In Person: Northeastern’s RCR instruction requires the participation in 7 workshops (each 1-2 hours in length), plus the completion of a Capstone project (the presentation on a specific issue covered during the workshops). Upon completion, students will request a Certificate of Completion through this online form.

RCR workshops are led by through a collaborative effort between NU-RES, faculty and senior administrators from across the University. In person RCR workshops will include the following topics:

  • Mentor and trainee responsibilities;
  • Authorship, publication & peer review;
    Lab safety;
  • Grant stewardship;
  • Data acquisition, storage & management;
  • Research misconduct & conflicts of interest;
  • Human, animal & biological materials research;
  • Harassment, bullying in the workplace, diversity & inclusion;
  • The CITI online module may be taken in place of one workshop;
  • Students may apply to NU-RES to substitute one external workshop in lieu of the Northeastern RCR class (i.e. attending a symposium on data management in lieu of the RCR workshop on the same topic);and a
  • Capstone Project.

NU-RES will work with the colleges to confirm those NIH Trainees and Fellows who must complete Certification to satisfy applicable grant conditions. NU-RES will notify any such Trainees and Fellows of the next available RCR instruction courses and priority seats will be given to such Trainees and Fellows.

Additionally, any undergraduate, graduate, or fellow funded under an NSF award may complete this course in lieu of or addition to the online course.

Other students or faculty who wish to participate are always welcome to join us if there is room.

Each workshop is capped to thirty (30) participants to facilitate discussion.
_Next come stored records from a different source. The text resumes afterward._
lemma inj_on_restrict_local_labelings:
  "inj_on (\<lambda>f. restrict f (nbrs v)) (local_labelings v)"
  by (rule inj_onI) (metis ext local_labelings_outside restrict_apply')

lemma
  shows finite_local_labelings: "finite (local_labelings v)"
    and card_local_labelings_le: "card (local_labelings v) \<le> 256"
proof -
  let ?r = "\<lambda>f. restrict f (nbrs v)"
  have sub: "?r ` local_labelings v \<subseteq> nbrs v \<rightarrow>\<^sub>E {1..4::nat}"
    using local_labelings_restrict by blast
  have fin: "finite (nbrs v \<rightarrow>\<^sub>E {1..4::nat})" by (simp add: finite_PiE finite_nbrs)
  show "finite (local_labelings v)"
    using finite_subset[OF sub fin] inj_on_restrict_local_labelings finite_imageD by blast
  have "card (local_labelings v) = card (?r ` local_labelings v)"
    using inj_on_restrict_local_labelings by (simp add: card_image)
  also have "\<dots> \<le> card (nbrs v \<rightarrow>\<^sub>E {1..4::nat})" by (rule card_mono[OF fin sub])
  also have "\<dots> = 256" by (simp add: card_PiE finite_nbrs deg_eq_4[unfolded deg_def])
  finally show "card (local_labelings v) \<le> 256" .
qed

lemma local_labelings_nonempty: "local_labelings v \<noteq> {}"
proof (cases v)
  case (Pair a b)
  have "{1, 2, 3, 4} = {1..4::nat}" by auto
  then have "(\<lambda>y. if y = (a+1,b) then 1 else if y = (a-1,b) then 2 else if y = (a,b+1) then 3
      else if y = (a,b-1) then 4 else 0::nat) \<in> local_labelings v"
    by (intro local_labelings_enum) (simp_all add: Pair nbrs_Pair)
  then show ?thesis by blast
qed

section \<open>Ports and exits\<close>

text \<open>As every vertex has degree 4, the exit port increases by one, cyclically, at each step
  of the basic walk.\<close>

definition port :: "nat \<Rightarrow> nat \<Rightarrow> nat" where
  "port l t = (l - 1 + t) mod 4 + 1"

lemma port_range: "port l t \<in> {1..4}"
  by (simp add: port_def)

lemma port_Suc: "port l t mod 4 + 1 = port l (Suc t)"
  by (simp add: port_def mod_Suc_eq)

lemma port_0: "l \<in> {1..4} \<Longrightarrow> port l 0 = l"
  unfolding port_def by (subst mod_less) auto

lemma port_eq_iff: "port l s = port l t \<longleftrightarrow> s mod 4 = t mod 4"
  using cong_add_lcancel_nat[of "l - 1" s t 4] by (simp add: port_def cong_def)

lemma port_add_eq_iff: "port l (t + i) = port l (t + j) \<longleftrightarrow> i mod 4 = j mod 4"
  using cong_add_lcancel_nat[of t i j 4] by (simp add: port_eq_iff cong_def)

lemma ports_four:
  "{port l t, port l (t+2), port l (t+1), port l (t+3)} = {1..4}"
  "distinct [port l t, port l (t+2), port l (t+1), port l (t+3)]"
proof -
  show d: "distinct [port l t, port l (t+2), port l (t+1), port l (t+3)]"
    using port_add_eq_iff[of l t 0 2] port_add_eq_iff[of l t 0 1] port_add_eq_iff[of l t 0 3]
      port_add_eq_iff[of l t 2 1] port_add_eq_iff[of l t 2 3] port_add_eq_iff[of l t 1 3]
    by auto
  have "{port l t, port l (t+2), port l (t+1), port l (t+3)} \<subseteq> {1..4}"
    using port_range by simp
  moreover have "card {port l t, port l (t+2), port l (t+1), port l (t+3)} = card {1..4::nat}"
    using distinct_card[OF d] by simp
  ultimately show "{port l t, port l (t+2), port l (t+1), port l (t+3)} = {1..4}"
    by (intro card_subset_eq) simp_all
qed

definition out_nbr :: "labeling \<Rightarrow> vertex \<Rightarrow> nat \<Rightarrow> vertex" where
  "out_nbr L x p = (THE w. w \<in> nbrs x \<and> L x w = p)"

lemma out_nbr_eqI:
  assumes "L x \<in> local_labelings x" "y \<in> nbrs x" "L x y = p"
  shows "out_nbr L x p = y"
  unfolding out_nbr_def using assms local_labeling_inj[OF assms(1)] by blast

lemma
  assumes "L x \<in> local_labelings x" "p \<in> {1..4}"
  shows out_nbr_in_nbrs: "out_nbr L x p \<in> nbrs x"
    and label_out_nbr: "L x (out_nbr L x p) = p"
  using local_labeling_surj[OF assms] out_nbr_eqI[of L x] assms(1) by auto

lemma out_nbr_cong: "L' x = L x \<Longrightarrow> out_nbr L' x p = out_nbr L x p"
  by (simp add: out_nbr_def)

lemma card_le_mult_card_image:
  assumes "finite A" "\<And>y. y \<in> f ` A \<Longrightarrow> card {x \<in> A. f x = y} \<le> n"
  shows "card A \<le> n * card (f ` A)"
proof -
  have "card A = card (\<Union>y\<in>f ` A. {x \<in> A. f x = y})" by (rule arg_cong[where f = card]) blast
  also have "\<dots> \<le> (\<Sum>y\<in>f ` A. card {x \<in> A. f x = y})"
    using assms(1) by (intro card_UN_le) simp
  also have "\<dots> \<le> (\<Sum>y\<in>f ` A. n)" by (rule sum_mono) (rule assms(2))
  finally show ?thesis by (simp add: mult.commute)
qed

text \<open>Outside \<open>J\<close> the members of \<open>PiE J S\<close> are \<open>undefined\<close>, which accounts for the
  \<open>Suc\<close>.\<close>

lemma card_PiE_agree_off2_le:
  assumes "finite (S a)" "finite (S b)"
  shows "card {f \<in> PiE J S. \<forall>x. x \<noteq> a \<longrightarrow> x \<noteq> b \<longrightarrow> f x = h x}
           \<le> Suc (card (S a)) * Suc (card (S b))"
proof -
  let ?G = "{f \<in> PiE J S. \<forall>x. x \<noteq> a \<longrightarrow> x \<noteq> b \<longrightarrow> f x = h x}"
  let ?P = "insert undefined (S a) \<times> insert undefined (S b)"
  have "?G \<subseteq> (\<lambda>(p, q). h(a := p, b := q)) ` ?P"
  proof
    fix f assume f: "f \<in> ?G"
    have mem: "f c \<in> insert undefined (S c)" for c
      using f PiE_mem[of f J S c] PiE_arb[of f J S c] by (cases "c \<in> J") simp_all
    show "f \<in> (\<lambda>(p, q). h(a := p, b := q)) ` ?P"
    proof (rule image_eqI)
      show "f = (\<lambda>(p, q). h(a := p, b := q)) (f a, f b)" using f by (auto simp: fun_eq_iff)
      show "(f a, f b) \<in> ?P" using mem[of a] mem[of b] by (rule SigmaI)
    qed
  qed
  moreover have "finite ?P" using assms by simp
  ultimately have "card ?G \<le> card ((\<lambda>(p, q). h(a := p, b := q)) ` ?P)"
    by (intro card_mono finite_imageI)
  also have "\<dots> \<le> card ?P" using \<open>finite ?P\<close> by (rule card_image_le)
  also have "\<dots> = card (insert undefined (S a)) * card (insert undefined (S b))"
    by (rule card_cartesian_product)
  also have "\<dots> \<le> Suc (card (S a)) * Suc (card (S b))"
    using assms by (intro mult_le_mono) (simp_all add: card_insert_if)
  finally show ?thesis .
qed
Sign up for upcoming workshops here.

Engineering students may elect to complete Professor Abigail Koppes’ Research Ethics Course (CHME 5185) in lieu of the RCR trainings described on this page. All the required topics are covered in CHME 5185.

All students, faculty and staff who complete any format of RCR training should keep a copy of their Certificate of Completion for their records.

When RCR training is required by the grant, it is a best practice for the PI/college to maintain copies of the certificates for any students paid off of applicable NIH and NSF grants.